lemma prob_no_vertex_event_le:
  fixes p :: real
  assumes "1 \<le> n" "0 \<le> p" "\<forall>\<sigma>\<in>faces n. p \<le> q \<sigma> \<and> q \<sigma> \<le> 1"
  shows "measure_pmf.prob (lower_hyp_pmf n q) (no_vertex_event n) \<le> (1 - p) ^ (n + 1)"
proof -
  have "measure_pmf.prob (lower_hyp_pmf n q) {f. \<forall>v\<in>{0..n}. \<not> (\<forall>\<sigma>\<in>{{v}}. f \<sigma>)}
      \<le> (1 - p ^ 1) ^ card {0..n}"
    unfolding lower_hyp_pmf_def
    using assms singleton_in_faces
    by (intro prob_Pi_pmf_bernoulli_no_block_complete_le finite_faces)
       (simp_all add: disjoint_family_on_def)
  then show ?thesis
    by (simp add: no_vertex_event_def)
qed

lemma prob_no_common_neighbour_event_le:
  fixes p :: real
  assumes "2 \<le> n" "0 \<le> p" "p \<le> 1" "\<forall>\<sigma>\<in>faces n. p \<le> q \<sigma> \<and> q \<sigma> \<le> 1"
    and "u \<le> n" "v \<le> n"
  shows "measure_pmf.prob (lower_hyp_pmf n q) (no_common_neighbour_event n u v) \<le> (1 - p ^ 3) ^ (n - 1)"
proof (cases "u = v")
  case True
  then show ?thesis
    using assms(2,3) by (simp add: no_common_neighbour_event_def power_le_one)
next
  case False
  define G where "G w = {{w}, {u, w}, {v, w}}" for w
  have "G w \<subseteq> faces n" if "w \<in> {0..n}" for w
    using that assms(1,5,6) by (simp add: G_def singleton_in_faces doubleton_in_faces)
  moreover have "disjoint_family_on G ({0..n} - {u, v})"
    by (auto simp: disjoint_family_on_def G_def doubleton_eq_iff)
  moreover have "card (G w) = 3" if "w \<in> {0..n} - {u, v}" for w
    using that False by (auto simp: G_def card_insert_if doubleton_eq_iff)
  ultimately have "measure_pmf.prob (lower_hyp_pmf n q)
      {f. \<forall>w\<in>{0..n} - {u, v}. \<not> (\<forall>\<sigma>\<in>G w. f \<sigma>)} \<le> (1 - p ^ 3) ^ card ({0..n} - {u, v})"
    unfolding lower_hyp_pmf_def using assms(2,4)
    by (intro prob_Pi_pmf_bernoulli_no_block_complete_le finite_faces) auto
  moreover have "card ({0..n} - {u, v}) = n - 1"
    using assms(5,6) False by (simp add: card_Diff_subset)
  ultimately show ?thesis
    using False by (simp add: G_def no_common_neighbour_event_def)
qed

lemma prob_not_connected_le:
  fixes p :: real
  assumes "0 \<le> p" "p \<le> 1" "\<forall>\<sigma>\<in>faces n. p \<le> q \<sigma> \<and> q \<sigma> \<le> 1"
  shows "measure_pmf.prob (lower_hyp_pmf n q) {f. \<not> complex_connected (largest_complex (hyp_of n f))}
         \<le> (1 + (real n + 1)^2) * (1 - p ^ 3) ^ (n - 1)"
proof (cases "2 \<le> n")
  case False
  then have "n - 1 = 0"
    by simp
  have "measure_pmf.prob (lower_hyp_pmf n q)
      {f. \<not> complex_connected (largest_complex (hyp_of n f))} \<le> 1"
    by (rule measure_pmf.prob_le_1)
  also have "1 \<le> (1 + (real n + 1)^2) * (1 - p ^ 3) ^ (n - 1)"
    unfolding \<open>n - 1 = 0\<close> by simp
  finally show ?thesis .
next
  case True
  let ?M = "lower_hyp_pmf n q"
  let ?B = "\<lambda>(u, v). no_common_neighbour_event n u v"
  define r where "r = 1 - p ^ 3"
  have "p ^ 3 \<le> p"
    using power_decreasing[of 1 3 p] assms(1,2) by simp
  have "measure_pmf.prob ?M {f. \<not> complex_connected (largest_complex (hyp_of n f))}
      \<le> measure_pmf.prob ?M (no_vertex_event n \<union> \<Union> (?B ` ({0..n} \<times> {0..n})))"
    using not_connected_subset_bad_events[OF True] by (rule measure_pmf.finite_measure_mono) simp
  also have "\<dots> \<le> measure_pmf.prob ?M (no_vertex_event n)
      + (\<Sum>uv\<in>{0..n} \<times> {0..n}. measure_pmf.prob ?M (?B uv))"
    by (intro order.trans[OF measure_Un_le] add_left_mono
        measure_pmf.finite_measure_subadditive_finite) auto
  also have "\<dots> \<le> r ^ (n - 1) + (\<Sum>uv\<in>{0..n} \<times> {0..n}. r ^ (n - 1))"
  proof (intro add_mono sum_mono)
    have "measure_pmf.prob ?M (no_vertex_event n) \<le> (1 - p) ^ (n + 1)"
      using True assms by (intro prob_no_vertex_event_le) auto
    also have "\<dots> \<le> r ^ (n + 1)"
      unfolding r_def using \<open>p ^ 3 \<le> p\<close> assms(2) by (intro power_mono) auto
    also have "\<dots> \<le> r ^ (n - 1)"
      unfolding r_def using \<open>p ^ 3 \<le> p\<close> assms by (intro power_decreasing) auto
    finally show "measure_pmf.prob ?M (no_vertex_event n) \<le> r ^ (n - 1)" .
  next
    fix uv assume "uv \<in> {0..n} \<times> {0..n}"
    then obtain u v where "uv = (u, v)" "u \<le> n" "v \<le> n"
      by auto
    then show "measure_pmf.prob ?M (?B uv) \<le> r ^ (n - 1)"
      unfolding r_def using prob_no_common_neighbour_event_le[OF True assms, of u v] by simp
  qed
  also have "\<dots> = (1 + (real n + 1)^2) * (1 - p ^ 3) ^ (n - 1)"
    by (simp add: r_def algebra_simps power2_eq_square)
  finally show ?thesis .
qed

lemma poly_geometric_le_exp_sqrt:
  fixes r :: real
  assumes "0 < r" "r < 1"
  obtains K where "0 < K" "\<And>n. (1 + (real n + 1)^2) * r ^ (n - 1) \<le> K * exp (- sqrt (real n) / 2)"
proof -
  have "(\<lambda>n. (1 + (real n + 1)^2) * r ^ (n - 1) * exp (sqrt (real n) / 2)) \<longlonglongrightarrow> 0"
    using assms by real_asymp
  then have "Bseq (\<lambda>n. (1 + (real n + 1)^2) * r ^ (n - 1) * exp (sqrt (real n) / 2))"
    by (intro convergent_imp_Bseq convergentI)
  then obtain K where "0 < K"
    and K: "\<And>n. norm ((1 + (real n + 1)^2) * r ^ (n - 1) * exp (sqrt (real n) / 2)) \<le> K"
    by (elim BseqE) blast
  have "(1 + (real n + 1)^2) * r ^ (n - 1) \<le> K * exp (- sqrt (real n) / 2)" for n
  proof -
    have "(1 + (real n + 1)^2) * r ^ (n - 1) * exp (sqrt (real n) / 2) \<le> K"
      using K[of n] assms(1) by simp
    then show ?thesis
      by (simp add: exp_minus field_simps)
  qed
  with \<open>0 < K\<close> show thesis
    by (rule that)
qed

──────────

Whenever a line of the listing contains the word "lemma", it counts; say the total only.

4